Motorola Inc. shares closed sharply higher Tuesday after an analyst initiated coverage of the stock with an “outperform” rating, saying he expects the company to be broken up next year, with the pieces bringing more value to investors.
Bernstein Research analyst Pierre Ferragu called Motorola “a combination of four business entities with no synergies” but said a breakup could yield $10 to $12.20 per share.
“We believe this is likely to happen in 2010,” Ferragu wrote.
Motorola’s shares gained 49 cents, or 6 percent, to close at $8.62.
Ferragu put a price target on Motorola’s shares of $11.

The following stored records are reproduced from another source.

lemma expectation_gft_committed_price_ge:
  assumes n: "n \<ge> 1" and ab: "a \<noteq> b" "a > 2 * n" "b > 2 * n"
  shows "law.gain law.mean - 2 * M * expectation (\<lambda>\<omega>. (committed_price n \<omega> - law.mean)\<^sup>2)
    \<le> expectation (\<lambda>\<omega>. gft (committed_price n \<omega>) (V a \<omega>) (V b \<omega>))"
proof -
  have int_sq: "integrable \<Omega> (\<lambda>\<omega>. (committed_price n \<omega> - law.mean)\<^sup>2)"
    using integrable_committed_price[OF n] by (simp add: power2_diff)
  have "law.gain law.mean - 2 * M * expectation (\<lambda>\<omega>. (committed_price n \<omega> - law.mean)\<^sup>2)
      = expectation (\<lambda>\<omega>. law.gain law.mean - 2 * M * (committed_price n \<omega> - law.mean)\<^sup>2)"
    using int_sq by (simp add: Bochner_Integration.integral_diff prob_space)
  also have "\<dots> \<le> expectation (\<lambda>\<omega>. law.gain (committed_price n \<omega>))"
    using law.gain_mean_minus_gain_le int_sq expectation_gft_committed_price_eq(1)[OF ab]
    by (intro integral_mono) (auto simp: algebra_simps)
  also have "\<dots> = expectation (\<lambda>\<omega>. gft (committed_price n \<omega>) (V a \<omega>) (V b \<omega>))"
    by (rule expectation_gft_committed_price_eq(2)[OF ab, symmetric])
  finally show ?thesis .
qed

lemma integrable_gft_round:
  "t \<ge> 1 \<Longrightarrow> Q \<in> borel_measurable \<Omega> \<Longrightarrow> integrable \<Omega> (\<lambda>\<omega>. GFT V t (Q \<omega>) \<omega>)"
  using integrable_gft_valuations[of "2 * t - 1" "2 * t" Q] by (simp add: GFT_def)

lemma expectation_gft_round: "t \<ge> 1 \<Longrightarrow> expectation (\<lambda>\<omega>. GFT V t q \<omega>) = law.gain q"
  using expectation_gft_valuations[of "2 * t - 1" "2 * t" q] by (simp add: GFT_def)

lemma best_fixed_price_le: "(SUP p\<in>{0..1}. expectation (\<lambda>\<omega>. \<Sum>t=1..T. GFT V t p \<omega>)) \<le> real T * law.gain law.mean"
proof (rule cSUP_least)
  fix p :: real
  have "expectation (\<lambda>\<omega>. \<Sum>t=1..T. GFT V t p \<omega>) = (\<Sum>t=1..T. law.gain p)"
    by (simp add: Bochner_Integration.integral_sum integrable_gft_round expectation_gft_round)
  also have "\<dots> \<le> real T * law.gain law.mean"
    using law.gain_le_gain_mean[of p] by (simp add: mult_left_mono)
  finally show "expectation (\<lambda>\<omega>. \<Sum>t=1..T. GFT V t p \<omega>) \<le> real T * law.gain law.mean" .
qed simp

lemma regret_le_half_horizon: "regret \<Omega> V P T \<le> real T / 2"
proof -
  have "0 \<le> expectation (\<lambda>\<omega>. \<Sum>t=1..T. GFT V t (P t \<omega>) \<omega>)"
    by (intro Bochner_Integration.integral_nonneg sum_nonneg) (simp add: GFT_def gft_nonneg)
  moreover have "real T * law.gain law.mean \<le> real T * (1/2)"
    using law.gain_mean_le_half by (intro mult_left_mono) auto
  ultimately show ?thesis
    using best_fixed_price_le[of T] unfolding regret_def by simp
qed

lemma borel_measurable_etc_price: "etc_price n V t \<in> borel_measurable \<Omega>"
proof (cases "t \<le> n")
  case True
  then have "etc_price n V t = (\<lambda>\<omega>. real t / real n)"
    by (simp add: etc_price_def fun_eq_iff)
  then show ?thesis
    by simp
next
  case False
  then have "etc_price n V t = committed_price n"
    by (auto simp: etc_price_eq_commit_price committed_price_def fun_eq_iff)
  then show ?thesis
    by simp
qed

lemma expectation_gft_etc_ge:
  assumes "n \<ge> 1" "t \<ge> 1"
  shows "(if t \<le> n then 0
          else law.gain law.mean - 2 * M * expectation (\<lambda>\<omega>. (committed_price n \<omega> - law.mean)\<^sup>2))
    \<le> expectation (\<lambda>\<omega>. GFT V t (etc_price n V t \<omega>) \<omega>)"
proof (cases "t \<le> n")
  case True
  then show ?thesis
    by (simp add: GFT_def gft_nonneg)
next
  case False
  then show ?thesis
    using expectation_gft_committed_price_ge[OF assms(1), of "2 * t - 1" "2 * t"] assms
    by (simp add: GFT_def etc_price_eq_commit_price committed_price_def)
qed
section \<open>The likelihood ratio of the planted path\<close>

lemma finite_injections: "finite (injections K n)"
  by (rule finite_subset[of _ "{..<K} \<rightarrow>\<^sub>E {..<n}"]) (auto simp: injections_def finite_PiE)

lemma injections_nonempty: "K \<le> n \<Longrightarrow> injections K n \<noteq> {}"
  using inj_on_id[of "{..<K}"]
  by (auto simp: injections_def intro!: exI[of _ "restrict id {..<K}"] inj_on_restrict_eq
      split: if_splits)

lemma path_image_subset_all_edges:
  assumes "f \<in> injections K n"
  shows "path_image K f \<subseteq> all_edges n"
proof
  fix e assume "e \<in> path_image K f"
  then obtain i where i: "Suc i < K" and e: "e = {f i, f (Suc i)}"
    by (auto simp: path_image_def)
  have "f i \<noteq> f (Suc i)" "f i < n" "f (Suc i) < n"
    using assms i by (auto simp: injections_def inj_on_eq_iff PiE_iff)
  then show "e \<in> all_edges n"
    unfolding all_edges_def e
    by (intro CollectI exI[of _ "min (f i) (f (Suc i))"] exI[of _ "max (f i) (f (Suc i))"])
      (auto simp: min_def max_def insert_commute)
qed

definition likelihood_ratio :: "nat \<Rightarrow> real \<Rightarrow> nat \<Rightarrow> nat set set \<Rightarrow> real" where
  "likelihood_ratio n p K G =
     (\<Sum>f\<in>injections K n. if path_image K f \<subseteq> G then 1 / p ^ card (path_image K f) else 0)
       / card (injections K n)"
(* The map $\langle\cdot,\cdot\rangle\mapsto(\langle e_p,e_p\rangle)_{p\in\mathbb{Z}}$ defines a bijection of cones from $\mathcal{C}$ to $\mathcal{T}$, carrying $\mathcal{C}^+$ onto $\mathcal{T}^+$.
   Context: $\mathcal{S}$ is the space of rapidly decreasing complex sequences indexed by $\mathbb{Z}$, and $\mathcal{S}^*$ its dual (sequences of polynomial growth, paired by $\sum b^pc_p$); $e_p\in\mathcal{S}^*$ is the sequence with $1$ in place $p$ and $0$ elsewhere. Via the Fourier isomorphism $\mathcal{S}\cong L\mathbb{C}=C^\infty(S^1,\mathbb{C})$, rotation of the circle by $\lambda\in S^1$ and reversal of loops give operators on $\mathcal{S}^*$ with $R_\lambda e_p=\lambda^{-p}e_p$ and $\iota e_p=e_{-p}$. $\mathcal{C}$ is the cone of continuous positive semi-definite sesquilinear forms on $\mathcal{S}^*$ invariant under all $R_\lambda$ and under $\iota$; $\mathcal{C}^+\subseteq\mathcal{C}$ is the sub-cone of positive definite forms. $\mathcal{T}$ is the cone of non-negative rapidly decreasing sequences $(a_p)_{p\in\mathbb{Z}}$ with $a_p=a_{-p}$ for all $p$, and $\mathcal{T}^+$ the sub-cone of strictly positive such sequences. *)

theory Defs
  imports "HOL-Analysis.Analysis"
begin

definition rapidly_decreasing :: "(int \<Rightarrow> 'a::real_normed_vector) \<Rightarrow> bool" where
  "rapidly_decreasing c \<longleftrightarrow> (\<forall>k::nat. \<exists>C. \<forall>p. (1 + \<bar>real_of_int p\<bar>) ^ k * norm (c p) \<le> C)"

definition Sspace :: "(int \<Rightarrow> complex) set" where
  "Sspace = {c. rapidly_decreasing c}"

definition polynomial_growth :: "(int \<Rightarrow> complex) \<Rightarrow> bool" where
  "polynomial_growth b \<longleftrightarrow> (\<exists>(k::nat) C. \<forall>p. norm (b p) \<le> C * (1 + \<bar>real_of_int p\<bar>) ^ k)"

definition Sdual :: "(int \<Rightarrow> complex) set" where
  "Sdual = {b. polynomial_growth b}"

definition pairing :: "(int \<Rightarrow> complex) \<Rightarrow> (int \<Rightarrow> complex) \<Rightarrow> complex" where
  "pairing b c = (\<Sum>\<^sub>\<infinity>p. b p * c p)"

definition ebasis :: "int \<Rightarrow> (int \<Rightarrow> complex)" where
  "ebasis p = (\<lambda>q. if q = p then 1 else 0)"

text \<open>Rotation and reversal on S* (transposes of the corresponding operators on S);
  R_lambda e_p = lambda^(-p) e_p, iota e_p = e_(-p).\<close>
definition rot :: "complex \<Rightarrow> (int \<Rightarrow> complex) \<Rightarrow> (int \<Rightarrow> complex)" where
  "rot z b = (\<lambda>p. z powi (- p) * b p)"

definition reversal :: "(int \<Rightarrow> complex) \<Rightarrow> (int \<Rightarrow> complex)" where
  "reversal b = (\<lambda>p. b (- p))"

text \<open>Bounded subsets of the Frechet space S, and polars (basic 0-neighbourhoods
  of the strong dual topology on S*).\<close>
definition S_bounded :: "(int \<Rightarrow> complex) set \<Rightarrow> bool" where
  "S_bounded B \<longleftrightarrow> B \<subseteq> Sspace \<and>
     (\<forall>k::nat. \<exists>C. \<forall>c\<in>B. \<forall>p. (1 + \<bar>real_of_int p\<bar>) ^ k * norm (c p) \<le> C)"

definition polar :: "(int \<Rightarrow> complex) set \<Rightarrow> (int \<Rightarrow> complex) set" where
  "polar B = {b \<in> Sdual. \<forall>c\<in>B. norm (pairing b c) \<le> 1}"

type_synonym form = "(int \<Rightarrow> complex) \<Rightarrow> (int \<Rightarrow> complex) \<Rightarrow> complex"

He valued Motorola’s networks division at 50 cents to 90 cents per share and said consolidation in the telecom equipment industry made the assets attractive to companies such as LM Ericsson Telephone Co.
The home division, which makes cable set-top boxes, could be spun off as a publicly traded company valued at $1.90 to $2.30 per share, he said.
The Enterprise Mobility Solutions unit, which includes radio devices, could go for $4.30 to $4.60 per share in a public listing or private buyout, he said.
And the devices division, which makes mobile handsets such as the Droid, was worth $1.80 to $3 per share, and was attractive to other handset makers such as the Sony Ericsson joint venture, he said.
He recommended investors “interested in actively participating in a major restructuring story” to buy Motorola shares, despite the risk of poor performance in the handset division in the first half of next year.